● **TASK PROMPT**: Where the records below show a line containing "together with invertibility", start copying; end with the line containing "injectivity of \<open>\<Gamma>\<^sub>0\<close>", and copy it too.

[EXERCISE INPUT — start]

(* Under the standing assumptions below, if $\delta:\mathbb{S}^m\to\mathbb{R}^n$ is continuous with $\Gamma_0[\delta]=0$, then $\delta(\phi)\in\operatorname{span}\{\partial_t\gamma(\phi,0),\partial_{\phi_1}\gamma(\phi,0),\dots,\partial_{\phi_m}\gamma(\phi,0)\}$ for every $\phi\in\mathbb{S}^m$, i.e. the right nullspace of $\Gamma_0$ consists of functions tangent to the torus $(\phi,t)\mapsto\gamma(\phi,t)$ at $t=0$.
   Context: Let $\mathbb{S}=\mathbb{R}/\mathbb{Z}$, $m\ge 1$, $n\ge1$, $f:\mathbb{R}^n\to\mathbb{R}^n$ smooth, $T>0$. Let $u:\mathbb{S}^{m+1}\to\mathbb{R}^n$ be smooth and $\rho\in\mathbb{R}^m$ be such that $1,\rho_1,\dots,\rho_m$ are rationally independent, and let $\gamma(\phi,t):=u(\phi+\rho t,t)$ solve $\partial_t\gamma=Tf(\gamma)$ for every $\phi\in\mathbb{S}^m$. Let $X(\phi,t)$ solve $\partial_tX=T\,\mathrm{D}f(\gamma(\phi,t))X$, $X(\phi,0)=I_n$. Define $\Gamma_0[\delta](\phi):=X(\phi-\rho,1)\delta(\phi-\rho)-\delta(\phi)$ for continuous $\delta:\mathbb{S}^m\to\mathbb{R}^n$. Normal hyperbolicity assumption: there are continuous $w_t,w_{\phi_1},\dots,w_{\phi_m}:\mathbb{S}^m\to\mathbb{R}^n$ such that $$Q(\phi,t):=X(\phi,t)\Big(I_n-\partial_t\gamma(\phi,0)w_t^\mathsf{T}(\phi)-\sum_{i=1}^m\partial_{\phi_i}\gamma(\phi,0)w_{\phi_i}^\mathsf{T}(\phi)\Big)X^{-1}(\phi,t)$$ is a smooth family of projections with $Q(\phi,t+1)=Q(\phi+\rho,t)$, and $\Gamma_0$ is a bijection with bounded inverse on the space of functions $\phi\mapsto Q(\phi,0)\delta(\phi)$. *)

theory Defs
  imports "HOL-Analysis.Analysis"
begin

fun Ck :: "nat \<Rightarrow> ('a::real_normed_vector \<Rightarrow> 'b::real_normed_vector) \<Rightarrow> bool" where
  "Ck 0 f = continuous_on UNIV f"
| "Ck (Suc k) f = (continuous_on UNIV f \<and> f differentiable_on UNIV \<and>
      (\<forall>v. Ck k (\<lambda>x. frechet_derivative f (at x) v)))"

definition smooth :: "('a::real_normed_vector \<Rightarrow> 'b::real_normed_vector) \<Rightarrow> bool" where
  "smooth f \<longleftrightarrow> (\<forall>k. Ck k f)"

text \<open>Functions on the torus S^m = (R/Z)^m are 1-periodic functions on R^m.\<close>
definition torus_periodic :: "(real^'m \<Rightarrow> 'b) \<Rightarrow> bool" where
  "torus_periodic g \<longleftrightarrow> (\<forall>\<phi> i. g (\<phi> + axis i 1) = g \<phi>)"

definition torus_cont :: "(real^'m \<Rightarrow> 'b::topological_space) \<Rightarrow> bool" where
  "torus_cont g \<longleftrightarrow> continuous_on UNIV g \<and> torus_periodic g"

definition rat_indep :: "real^'m \<Rightarrow> bool" where
  "rat_indep \<rho> \<longleftrightarrow> (\<forall>(k0::int) (k::'m \<Rightarrow> int).
      of_int k0 + (\<Sum>i\<in>UNIV. of_int (k i) * \<rho> $ i) = 0 \<longrightarrow> k0 = 0 \<and> (\<forall>i. k i = 0))"

definition gam :: "(real^'m \<Rightarrow> real \<Rightarrow> real^'n) \<Rightarrow> real^'m \<Rightarrow> real^'m \<Rightarrow> real \<Rightarrow> real^'n" where
  "gam u \<rho> \<phi> t = u (\<phi> + t *\<^sub>R \<rho>) t"

definition dt_gam :: "(real^'m \<Rightarrow> real \<Rightarrow> real^'n) \<Rightarrow> real^'m \<Rightarrow> real^'m \<Rightarrow> real^'n" where
  "dt_gam u \<rho> \<phi> = vector_derivative (\<lambda>s. gam u \<rho> \<phi> s) (at 0)"

definition dphi_gam :: "(real^'m \<Rightarrow> real \<Rightarrow> real^'n) \<Rightarrow> real^'m \<Rightarrow> 'm \<Rightarrow> real^'m \<Rightarrow> real^'n" where
  "dphi_gam u \<rho> i \<phi> = vector_derivative (\<lambda>s. gam u \<rho> (\<phi> + s *\<^sub>R axis i 1) 0) (at 0)"

definition outer :: "real^'n \<Rightarrow> real^'n \<Rightarrow> real^'n^'n" where
  "outer a b = (\<chi> r c. a $ r * b $ c)"

definition Dmat :: "(real^'n \<Rightarrow> real^'n) \<Rightarrow> real^'n \<Rightarrow> real^'n^'n" where
  "Dmat f x = matrix (frechet_derivative f (at x))"

definition Gamma0 :: "(real^'m \<Rightarrow> real \<Rightarrow> real^'n^'n) \<Rightarrow> real^'m \<Rightarrow> (real^'m \<Rightarrow> real^'n) \<Rightarrow> real^'m \<Rightarrow> real^'n" where
  "Gamma0 X \<rho> \<delta> = (\<lambda>\<phi>. X (\<phi> - \<rho>) 1 *v \<delta> (\<phi> - \<rho>) - \<delta> \<phi>)"

definition supnorm :: "(real^'m \<Rightarrow> real^'n) \<Rightarrow> real" where
  "supnorm g = (SUP \<phi>. norm (g \<phi>))"

definition Qproj :: "(real^'m \<Rightarrow> real \<Rightarrow> real^'n) \<Rightarrow> real^'m \<Rightarrow> (real^'m \<Rightarrow> real \<Rightarrow> real^'n^'n)
    \<Rightarrow> (real^'m \<Rightarrow> real^'n) \<Rightarrow> ('m \<Rightarrow> real^'m \<Rightarrow> real^'n) \<Rightarrow> real^'m \<Rightarrow> real \<Rightarrow> real^'n^'n" where
  "Qproj u \<rho> X wt wphi \<phi> t =
     X \<phi> t ** (mat 1 - outer (dt_gam u \<rho> \<phi>) (wt \<phi>)
                 - (\<Sum>i\<in>UNIV. outer (dphi_gam u \<rho> i \<phi>) (wphi i \<phi>)))
       ** matrix_inv (X \<phi> t)"

definition normally_hyperbolic ::
  "(real^'m \<Rightarrow> real \<Rightarrow> real^'n) \<Rightarrow> real^'m \<Rightarrow> (real^'m \<Rightarrow> real \<Rightarrow> real^'n^'n) \<Rightarrow> bool" where
  "normally_hyperbolic u \<rho> X \<longleftrightarrow>
    (\<exists>wt wphi. torus_cont wt \<and> (\<forall>i. torus_cont (wphi i)) \<and>
      (let Q = Qproj u \<rho> X wt wphi;
           V = {(\<lambda>\<phi>. Q \<phi> 0 *v \<delta> \<phi>) | \<delta>. torus_cont \<delta>} in
        smooth (\<lambda>p. Q (fst p) (snd p)) \<and>
        (\<forall>\<phi> t. Q \<phi> t ** Q \<phi> t = Q \<phi> t) \<and>
        (\<forall>\<phi> t. Q \<phi> (t + 1) = Q (\<phi> + \<rho>) t) \<and>
        bij_betw (Gamma0 X \<rho>) V V \<and>
        (\<exists>C. \<forall>g\<in>V. supnorm g \<le> C * supnorm (Gamma0 X \<rho> g))))"

end

theory Submission
  imports Defs
begin

text \<open>A vector killed by \<open>Q(\<phi>,0) = I - \<partial>\<^sub>t\<gamma> w\<^sub>t\<^sup>T - \<Sum>\<^sub>i \<partial>\<^sub>\<phi>\<^sub>i\<gamma> w\<^sub>\<phi>\<^sub>i\<^sup>T\<close> is
  explicitly a combination of the tangent vectors \<open>\<partial>\<^sub>t\<gamma>, \<partial>\<^sub>\<phi>\<^sub>i\<gamma>\<close>.  The periodicity \<open>Q(\<phi>,t+1) = Q(\<phi>+\<rho>,t)\<close>,
  together with invertibility of the fundamental matrix, says that \<open>\<Gamma>\<^sub>0\<close> commutes with
  multiplication by \<open>Q(\<cdot>,0)\<close>.  Hence if \<open>\<Gamma>\<^sub>0[\<delta>] = 0\<close> then also \<open>\<Gamma>\<^sub>0[Q(\<cdot>,0)\<delta>] = 0\<close>, and
  injectivity of \<open>\<Gamma>\<^sub>0\<close> on the range of \<open>Q(\<cdot>,0)\<close> forces \<open>Q(\<cdot>,0)\<delta> = 0\<close>, i.e. \<open>\<delta>\<close> is tangent.
  Invertibility of \<open>X(\<phi>,1)\<close> follows from backward uniqueness for linear ODEs, proved with
  the Gronwall-type weight \<open>|x(t)|\<^sup>2 e\<^sup>2\<^sup>K\<^sup>t\<close>.\<close>

lemma bounded_linear_matrix_vector_mult_left:
  "bounded_linear (\<lambda>M::real^'n^'m. M *v v)"
proof -
  have "linear (\<lambda>M::real^'n^'m. M *v v)"
    by (rule linearI) (simp_all add: matrix_vector_mult_add_rdistrib scaleR_matrix_vector_assoc)
  then show ?thesis by (simp add: linear_conv_bounded_linear)
qed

[EXERCISE INPUT — finish]

● **WRITTEN ANSWER**:
  together with invertibility of the fundamental matrix, says that \<open>\<Gamma>\<^sub>0\<close> commutes with
  multiplication by \<open>Q(\<cdot>,0)\<close>.  Hence if \<open>\<Gamma>\<^sub>0[\<delta>] = 0\<close> then also \<open>\<Gamma>\<^sub>0[Q(\<cdot>,0)\<delta>] = 0\<close>, and
  injectivity of \<open>\<Gamma>\<^sub>0\<close> on the range of \<open>Q(\<cdot>,0)\<close> forces \<open>Q(\<cdot>,0)\<delta> = 0\<close>, i.e. \<open>\<delta>\<close> is tangent.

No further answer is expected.